Fixes T9159.
Details
- Reviewers
epriestley - Group Reviewers
Blessed Reviewers - Maniphest Tasks
- T9159: You may not set new credentials after authenticating conduit
- Commits
- rARC61fa644c4eb0: Prevent caching of workflows
Run arc patch on a code base requiring auth for a diff that has at least one dependency.
Diff Detail
- Repository
- rARC Arcanist
- Branch
- fix-double-auth
- Lint
Lint Passed - Unit
Tests Passed - Build Status
Buildable 7982 Build 8993: [Placeholder Plan] Wait for 30 Seconds Build 8992: arc lint + arc unit
Event Timeline
@avivey - When arc patch runs itself recursively. The thing I realized is arc patch first tries to get the patch without using credentials (but it still requires a conduit), and then when it realizes the request is rejected due to missing credentials, it manually adds them by calling authenticateConduit. After that it calls run, which in turn calls buildChildWorkflow. Since the parent buildChildWorkflow doesn't know about the already established conduit which has its credentials already set ($workflow->conduit being set) it simply tries to reset it causing $workflow->setConduitCredentials($this->conduitCredentials); call to throw the You may not set new credentials after authenticating conduit. error since credentials were already set manually by arc patch.
Does this make sense? I may be wrong about this trace but it looks very much like the case.
Ok, this is a little heavy on context. tl;dr: This is a symptom.
We have a leaky abstraction, where buildWorkflow() is cached, returning an already-built and used workflow instance. Overwriting the conduit is a symptom of this cache.
Similar, and worse, behaviors, will turn up in more complicated flows, where the same Workflow class is expected to be run in multiple configurations (possibly in parallel).
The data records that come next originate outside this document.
lemma touching_from_above:
  fixes v :: "real^'n \<Rightarrow> real" and Dv :: "real^'n \<Rightarrow> real^'n"
  assumes d: "d > 0" "ball x d \<subseteq> ball x0 \<rho>"
    and dv: "\<And>y. y \<in> ball x d \<Longrightarrow> (v has_derivative (\<lambda>h. Dv y \<bullet> h)) (at y)"
    and d2v: "(Dv has_derivative (\<lambda>h. H *v h)) (at x)"
    and max: "\<And>y. y \<in> ball x d \<Longrightarrow> c * barrier q \<rho> A x0 y - v y \<le> c * barrier q \<rho> A x0 x - v x"
  shows "Dv x = c *\<^sub>R barrier_grad q \<rho> A x0 x"
    and "c * (\<Sum>i\<in>UNIV. barrier_hess_diag q \<rho> A x0 x i) \<le> (\<Sum>i\<in>UNIV. H $ i $ i)"
proof -
  have line_in_ball: "x + s *\<^sub>R axis i 1 \<in> ball x d" if "\<bar>s\<bar> < d" for s i
    using that by (simp add: dist_norm)
  have line_cap: "cap \<rho> x0 (x + s *\<^sub>R axis i 1) > 0" if "\<bar>s\<bar> < d" for s i
    using d(2) line_in_ball[OF that, of i] by (meson cap_pos mem_ball subsetD)
  have center_cap: "cap \<rho> x0 x > 0"
    using line_cap[of 0] d(1) by simp
  have coord: "c * barrier_grad q \<rho> A x0 x $ i = Dv x $ i
      \<and> c * barrier_hess_diag q \<rho> A x0 x i \<le> H $ i $ i" for i
  proof -
    define f where "f = (\<lambda>s. c * barrier q \<rho> A x0 (x + s *\<^sub>R axis i 1) - v (x + s *\<^sub>R axis i 1))"
    define f' where "f' = (\<lambda>s. c * barrier_grad q \<rho> A x0 (x + s *\<^sub>R axis i 1) $ i
                                - Dv (x + s *\<^sub>R axis i 1) $ i)"
    have max_line: "f s \<le> f 0" if "\<bar>s\<bar> < d" for s
      using max[OF line_in_ball[OF that]] by (simp add: f_def)
    have der: "(f has_real_derivative f' s) (at s)" if "\<bar>s\<bar> < d" for s
      unfolding f_def f'_def
      by (intro DERIV_diff DERIV_cmult barrier_line_derivative line_cap[OF that]
          coordinate_line_derivative dv line_in_ball[OF that])
    have der2: "(f' has_real_derivative c * barrier_hess_diag q \<rho> A x0 x i - H $ i $ i) (at 0)"
      unfolding f'_def
      by (intro DERIV_diff DERIV_cmult barrier_grad_line_derivative center_cap
          coordinate_line_derivative_diag d2v)
    show ?thesis
      using interior_max_derivatives[OF d(1) max_line der der2] by (simp add: f'_def)
  qed
  show "Dv x = c *\<^sub>R barrier_grad q \<rho> A x0 x"
    using coord by (simp add: vec_eq_iff)
  show "c * (\<Sum>i\<in>UNIV. barrier_hess_diag q \<rho> A x0 x i) \<le> (\<Sum>i\<in>UNIV. H $ i $ i)"
    unfolding sum_distrib_left by (intro sum_mono) (use coord in blast)
qed
(* Let $(T,\mathbf{m})$ be a tree with vertex capacities. If $(T,\mathbf{m})$ admits an inversion function, then the type-selected Coxeter-like complex $\Delta_{(T,\mathbf{m})}$ is shellable.
   Context: A tree with capacities $(T,\mathbf{m})$ is a finite tree $T$ together with a nonnegative integer $\mathrm{cap}(v)$ for each vertex $v$; let $N=\sum_{v}\mathrm{cap}(v)$. The complex $\Delta_{(T,\mathbf{m})}$ (the Coxeter-like complex of $S_N/(S_{\mathrm{cap}(v_1)}\times\cdots\times S_{\mathrm{cap}(v_n)})$ with generators the transpositions corresponding to edges of $T$) has as faces the following data: a set $E^C(F)$ of edges of $T$ to delete, and an assignment to each connected component $C$ of the resulting forest of exactly $\sum_{v\in C}\mathrm{cap}(v)$ labels from $[N]$, each label assigned to exactly one component; $\dim F=|E^C(F)|-1$, and $\sigma\subseteq\tau$ iff $\sigma$ is obtained from $\tau$ by merging neighboring components (uniting their label sets). It is a simplicial complex whose facets correspond to labellings of $T$ assigning $\mathrm{cap}(v)$ labels to each vertex $v$. To a face $F$ associate the labelled tree $T(F)$ whose vertices are the components of $T$ minus $E^C(F)$ (labelled by their label sets, with capacity the sum of the capacities of their vertices) and whose edges are the edges of $E^C(F)$. An inversion function for $(T,\mathbf{m})$ is a function $I$ assigning to each face $F$ a set $I(F)$ of pairs of neighboring vertices of $T(F)$ (its inversion pairs), such that for each face $\tau$ and neighboring components $C_1,C_2$ of $T(\tau)$ there is a unique redistribution of the labels collectively assigned to $C_1,C_2$ (keeping the number of labels on each) for which the resulting $\tau'$ has $(C_1,C_2)\notin I(\tau')$; for $(i,j)\in I(\tau)$ write $(i,j)\tau$ for this redistributed labelling. On facets (labellings of $T$) set $(i,j)\tau\prec_{weak}\tau$ for each $(i,j)\in I(\tau)$ with $i,j$ neighbors in $T$. The following must hold: (1) each face $F$ is contained in a unique facet which is inversion-free on its restriction to each component of $F$ (i.e. has no inversion pair of vertices lying in a common component of $T$ minus $E^C(F)$); (2) the transitive closure of $\prec_{weak}$ is a partial order; (3) these properties also hold on the restriction to any subforest of $T$. A shelling of a simplicial complex is a total order $F_1,\dots,F_r$ of its facets such that for each $k>1$, $\overline{F_k}\cap\bigcup_{j<k}\overline{F_j}$ is a pure codimension-one subcomplex of $\overline{F_k}$, where $\overline{F}$ is the complex of all faces of $F$. *)

theory Defs
  imports Main
begin

text \<open>A graph is given by a vertex set V and a set E of 2-element vertex sets (edges).\<close>

definition adj :: "'v set set \<Rightarrow> ('v \<times> 'v) set" where
  "adj Es = {(u, v). {u, v} \<in> Es}"

definition comp :: "'v set set \<Rightarrow> 'v \<Rightarrow> 'v set" where
  "comp Es v = {w. (v, w) \<in> (adj Es)\<^sup>*}"

definition comps :: "'v set \<Rightarrow> 'v set set \<Rightarrow> 'v set set" where
  "comps V Es = comp Es ` V"

text \<open>A finite tree: nonempty, connected, and every edge is a bridge (acyclic).\<close>
definition is_tree :: "'v set \<Rightarrow> 'v set set \<Rightarrow> bool" where
  "is_tree V E \<longleftrightarrow> finite V \<and> V \<noteq> {} \<and>
     (\<forall>e\<in>E. \<exists>u v. e = {u, v} \<and> u \<noteq> v \<and> u \<in> V \<and> v \<in> V) \<and>
     (\<forall>u\<in>V. \<forall>v\<in>V. (u, v) \<in> (adj E)\<^sup>*) \<and>
     (\<forall>e\<in>E. \<forall>u v. e = {u, v} \<longrightarrow> (u, v) \<notin> (adj (E - {e}))\<^sup>*)"

text \<open>A face: the set of deleted edges E^C(F), together with the assignment of a label set
  to each connected component of the resulting forest (empty outside components).\<close>
type_synonym 'v face = "'v set set \<times> ('v set \<Rightarrow> nat set)"

definition fcomps :: "'v set \<Rightarrow> 'v set set \<Rightarrow> 'v face \<Rightarrow> 'v set set" where
  "fcomps V E F = comps V (E - fst F)"

definition faces :: "'v set \<Rightarrow> 'v set set \<Rightarrow> ('v \<Rightarrow> nat) \<Rightarrow> 'v face set" where
  "faces V E cap = {(D, L). D \<subseteq> E \<and>
     (\<forall>C. C \<notin> comps V (E - D) \<longrightarrow> L C = {}) \<and>
     (\<forall>C\<in>comps V (E - D). L C \<subseteq> {1..sum cap V} \<and> card (L C) = sum cap C) \<and>
     (\<forall>i\<in>{1..sum cap V}. \<exists>!C. C \<in> comps V (E - D) \<and> i \<in> L C)}"

text \<open>\<open>\<sigma> \<subseteq> \<tau>\<close>: \<open>\<sigma>\<close> arises from \<open>\<tau>\<close> by merging neighbouring components (uniting label sets).\<close>
definition face_le :: "'v set \<Rightarrow> 'v set set \<Rightarrow> 'v face \<Rightarrow> 'v face \<Rightarrow> bool" where
  "face_le V E \<sigma> \<tau> \<longleftrightarrow> fst \<sigma> \<subseteq> fst \<tau> \<and>
     (\<forall>C\<in>fcomps V E \<sigma>. snd \<sigma> C = \<Union>{snd \<tau> C' | C'. C' \<in> fcomps V E \<tau> \<and> C' \<subseteq> C})"

definition face_dim :: "'v face \<Rightarrow> int" where
  "face_dim F = int (card (fst F)) - 1"

text \<open>Facets of \<open>\<Delta>_(T,m)\<close>: labellings of T (all edges deleted, components are single vertices).\<close>
definition tfacets :: "'v set \<Rightarrow> 'v set set \<Rightarrow> ('v \<Rightarrow> nat) \<Rightarrow> 'v face set" where
  "tfacets V E cap = {F \<in> faces V E cap. fst F = E}"

definition facets_of :: "'f set \<Rightarrow> ('f \<Rightarrow> 'f \<Rightarrow> bool) \<Rightarrow> 'f set" where
  "facets_of K le = {F \<in> K. \<forall>G\<in>K. le F G \<longrightarrow> G = F}"

definition closure_of_face :: "'f set \<Rightarrow> ('f \<Rightarrow> 'f \<Rightarrow> bool) \<Rightarrow> 'f \<Rightarrow> 'f set" where
  "closure_of_face K le F = {G \<in> K. le G F}"

definition pure_of_dim :: "'f set \<Rightarrow> ('f \<Rightarrow> 'f \<Rightarrow> bool) \<Rightarrow> ('f \<Rightarrow> int) \<Rightarrow> int \<Rightarrow> bool" where
  "pure_of_dim Q le dim d \<longleftrightarrow> (\<forall>G\<in>Q. (\<forall>H\<in>Q. le G H \<longrightarrow> H = G) \<longrightarrow> dim G = d)"

definition is_shelling :: "'f set \<Rightarrow> ('f \<Rightarrow> 'f \<Rightarrow> bool) \<Rightarrow> ('f \<Rightarrow> int) \<Rightarrow> 'f list \<Rightarrow> bool" where
  "is_shelling K le dim Fs \<longleftrightarrow> distinct Fs \<and> set Fs = facets_of K le \<and>
     (\<forall>k. 0 < k \<and> k < length Fs \<longrightarrow>
        pure_of_dim (closure_of_face K le (Fs ! k) \<inter> (\<Union>j<k. closure_of_face K le (Fs ! j)))
                    le dim (dim (Fs ! k) - 1))"

definition shellable :: "'f set \<Rightarrow> ('f \<Rightarrow> 'f \<Rightarrow> bool) \<Rightarrow> ('f \<Rightarrow> int) \<Rightarrow> bool" where
  "shellable K le dim \<longleftrightarrow> (\<exists>Fs. is_shelling K le dim Fs)"

text \<open>Ordered pairs of neighbouring vertices of T(F) (components joined by a deleted edge).\<close>
definition nbrs :: "'v set \<Rightarrow> 'v set set \<Rightarrow> 'v face \<Rightarrow> ('v set \<times> 'v set) set" where
  "nbrs V E F = {(C1, C2). C1 \<in> fcomps V E F \<and> C2 \<in> fcomps V E F \<and> C1 \<noteq> C2 \<and>
                  (\<exists>u\<in>C1. \<exists>v\<in>C2. {u, v} \<in> fst F)}"

definition redist :: "'v set \<Rightarrow> 'v set set \<Rightarrow> ('v \<Rightarrow> nat) \<Rightarrow> 'v face \<Rightarrow> 'v set \<Rightarrow> 'v set \<Rightarrow> 'v face set" where
  "redist V E cap \<tau> C1 C2 = {\<tau>' \<in> faces V E cap. fst \<tau>' = fst \<tau> \<and>
      (\<forall>C. C \<noteq> C1 \<and> C \<noteq> C2 \<longrightarrow> snd \<tau>' C = snd \<tau> C)}"

definition swap_inv :: "'v set \<Rightarrow> 'v set set \<Rightarrow> ('v \<Rightarrow> nat) \<Rightarrow> ('v face \<Rightarrow> ('v set \<times> 'v set) set)
                        \<Rightarrow> 'v face \<Rightarrow> 'v set \<Rightarrow> 'v set \<Rightarrow> 'v face" where
  "swap_inv V E cap I \<tau> i j = (THE \<tau>'. \<tau>' \<in> redist V E cap \<tau> i j \<and> (i, j) \<notin> I \<tau>')"

text \<open>Weak order steps on facets, using only inversion pairs along edges in S
  (S = E gives the relation \<open>\<prec>_weak\<close> of T; general S \<subseteq> E its restriction to the subforest (V,S)).
  As pairs (smaller, larger).\<close>
definition weak_step :: "'v set \<Rightarrow> 'v set set \<Rightarrow> ('v \<Rightarrow> nat) \<Rightarrow> ('v face \<Rightarrow> ('v set \<times> 'v set) set)
                         \<Rightarrow> 'v set set \<Rightarrow> ('v face \<times> 'v face) set" where
  "weak_step V E cap I S = {(swap_inv V E cap I \<tau> i j, \<tau>) | \<tau> i j.
       \<tau> \<in> tfacets V E cap \<and> (i, j) \<in> I \<tau> \<and> i \<union> j \<in> S}"

definition inv_props_on :: "'v set \<Rightarrow> 'v set set \<Rightarrow> ('v \<Rightarrow> nat) \<Rightarrow> ('v face \<Rightarrow> ('v set \<times> 'v set) set)
                            \<Rightarrow> 'v set set \<Rightarrow> bool" where
  "inv_props_on V E cap I S \<longleftrightarrow>
     (\<forall>F\<in>faces V E cap. E - S \<subseteq> fst F \<longrightarrow>
        (\<exists>!G. G \<in> tfacets V E cap \<and> face_le V E F G \<and>
              (\<forall>(a, b)\<in>I G. a \<union> b \<in> S \<longrightarrow> \<not> (\<exists>C\<in>fcomps V E F. a \<subseteq> C \<and> b \<subseteq> C)))) \<and>
     trans ((weak_step V E cap I S)\<^sup>+) \<and> irrefl ((weak_step V E cap I S)\<^sup>+)"

definition inversion_function :: "'v set \<Rightarrow> 'v set set \<Rightarrow> ('v \<Rightarrow> nat)
                                  \<Rightarrow> ('v face \<Rightarrow> ('v set \<times> 'v set) set) \<Rightarrow> bool" where
  "inversion_function V E cap I \<longleftrightarrow>
     (\<forall>F\<in>faces V E cap. I F \<subseteq> nbrs V E F) \<and>
     (\<forall>\<tau>\<in>faces V E cap. \<forall>(C1, C2)\<in>nbrs V E \<tau>.
         \<exists>!\<tau>'. \<tau>' \<in> redist V E cap \<tau> C1 C2 \<and> (C1, C2) \<notin> I \<tau>') \<and>
     (\<forall>S. S \<subseteq> E \<longrightarrow> inv_props_on V E cap I S)"

end

theory Submission
  imports Defs
begin

(*
  Order the facets (labellings of T) by a linear extension of the transitive closure of the
  weak order. For a face G below a facet \<sigma>, undoing an inversion of \<sigma> along an edge inside
  a component of G gives a facet that is still above G and weakly smaller; so the unique
  facet above G without such inversions (property (1)) precedes every other facet above G.
  Hence if G lies below the k-th facet \<tau> and an earlier one, \<tau> has an inversion along an
  edge e inside a component of G. Such an edge is not deleted in G, so G lies below the
  codimension-one face of \<tau> that deletes all edges but e, and this face also lies below
  the earlier facet (i,j)\<tau>. A maximal G in the intersection is therefore that face.
*)

lemma sym_adj: "sym (adj Es)"
  unfolding adj_def sym_def by (auto simp: insert_commute)

lemma mem_comp_self [simp]: "v \<in> comp Es v"
  by (simp add: comp_def)

lemma comp_eq_if_mem:
  assumes "w \<in> comp Es v"
  shows "comp Es w = comp Es v"
proof -
  have vw: "(v, w) \<in> (adj Es)\<^sup>*"
    using assms by (simp add: comp_def)
  then have "(w, v) \<in> (adj Es)\<^sup>*"
    using sym_adj sym_rtrancl symD by metis
  with vw show ?thesis
    unfolding comp_def by (auto intro: rtrancl_trans)
qed

lemma comps_empty: "comps V {} = (\<lambda>v. {v}) ` V"
  by (simp add: comps_def comp_def adj_def)

lemma adj_mono: "Es \<subseteq> Es' \<Longrightarrow> adj Es \<subseteq> adj Es'"
  by (auto simp: adj_def)

lemma comp_mono: "Es \<subseteq> Es' \<Longrightarrow> comp Es v \<subseteq> comp Es' v"
  unfolding comp_def by (drule adj_mono, drule rtrancl_mono) blast

lemma comp_subset:
  assumes "\<forall>e\<in>Es. e \<subseteq> V" "v \<in> V"
  shows "comp Es v \<subseteq> V"
proof
  fix w assume "w \<in> comp Es v"
  then have "(v, w) \<in> (adj Es)\<^sup>*"
    by (simp add: comp_def)
  then show "w \<in> V"
    by induction (use assms in \<open>auto simp: adj_def\<close>)
qed

lemma rtrancl_adj_if_mem_comps:
  assumes "C \<in> comps V Es" "u \<in> C" "v \<in> C"
  shows "(u, v) \<in> (adj Es)\<^sup>*"
proof -
  obtain x where "C = comp Es x"
    using assms(1) by (auto simp: comps_def)
  with assms(2,3) have "v \<in> comp Es u"
    using comp_eq_if_mem by metis
  then show ?thesis
    by (simp add: comp_def)
qed

lemma mem_comps_iff_if_rtrancl:
  assumes "(u, v) \<in> (adj Es)\<^sup>*" "C \<in> comps V Es"
  shows "u \<in> C \<longleftrightarrow> v \<in> C"
proof -
  obtain x where C: "C = comp Es x"
    using assms(2) by (auto simp: comps_def)
  have "(v, u) \<in> (adj Es)\<^sup>*"
    using assms(1) sym_adj sym_rtrancl symD by metis
  with assms(1) show ?thesis
    unfolding C comp_def by (blast intro: rtrancl_trans)
qed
One hypothetical example could be a cross-repository-diff-workflow; arc patch-with-dependencies is obviously another one.
A possible solution might be to have buildWorkflow() return a new instance, which will seal this leak, but that might have more side-effects to consider.
Building a separate Conduit client also feels weird to me -- it feels surprising that workflows are cached (which feels pointless and fragile) but the Conduit client is not (which feels expected and desirable).
I suspect these decisions are cruft or poor judgement from ages long past, not meaningful architectural choices.
In particular, it seems very likely that the workflow caching is a consequence of moving ArcanistConfiguration to use PhutilClassMapQuery (which caches, while PhutilSymbolLoader did not), and that the one-line fix is probably to add clone to ArcanistConfiguration::buildWorkflow(). The structure of this class generally predates modern/common use of modular classes and doesn't do a good job of separating the concepts of "load the available implementations for read-only operations" vs "give me an instance of something so I can write to it". This is something we do a somewhat weak job of in general, but probably ~90% of the extension points are always read-only and I think we've always caught the need to clone the other 10%, so far. This might merit some thought and formalization of conventions if it occurs a couple more times, though.
In this case, I'd say the best quick fix is to clone in either buildWorkflow() or buildAllWorkflows(), to restore the pre-PhutilClassMapQuery semantics. It appears that all callers of buildAllWorkflows() use it in read-only way, so putting it in buildWorkflow() is likely sufficient:
diff --git a/src/configuration/ArcanistConfiguration.php b/src/configuration/ArcanistConfiguration.php index 91d0dc6..e66b793 100644 --- a/src/configuration/ArcanistConfiguration.php +++ b/src/configuration/ArcanistConfiguration.php @@ -31,7 +31,7 @@ class ArcanistConfiguration extends Phobject { $command = 'version'; } - return idx($this->buildAllWorkflows(), $command); + return clone idx($this->buildAllWorkflows(), $command); } public function buildAllWorkflows() {
Can you confirm that fixes the arc patch issue?
Beyond the immediate issue, we should probably eventually:
- share a single Conduit client across workflows, at least by default;
- eventually realign arc extension points with other modern APIs, but this will break some users -- this likely makes sense concurrent with T5055;
- keep an eye on further clone issues and consider technical or conventional approaches to reducing their frequency and impact if they continue occuring.
Basically, just what @avivey said, with one additional note: the move to PhutilClassMapQuery in rARC0e095787 (less than a month ago) is almost certainly the root cause of the caching, so reverting this is almost certainly straightforward and not risking years of weird side effects coming home to roost.
@epriestley - so are you saying I should simply revert rARC0e0957872083daa38309204ad9774568c9fcdd5c? I mean that looks like a nice patch and given all the context you and @avivey shared (thanks a ton btw for that), I may be able to prevent caching "properly".
Which direction would you prefer?
Oh, just:
- Test the one-line clone diff above.
- If it works, replace this one-line change with that one-line change and I'll upstream it.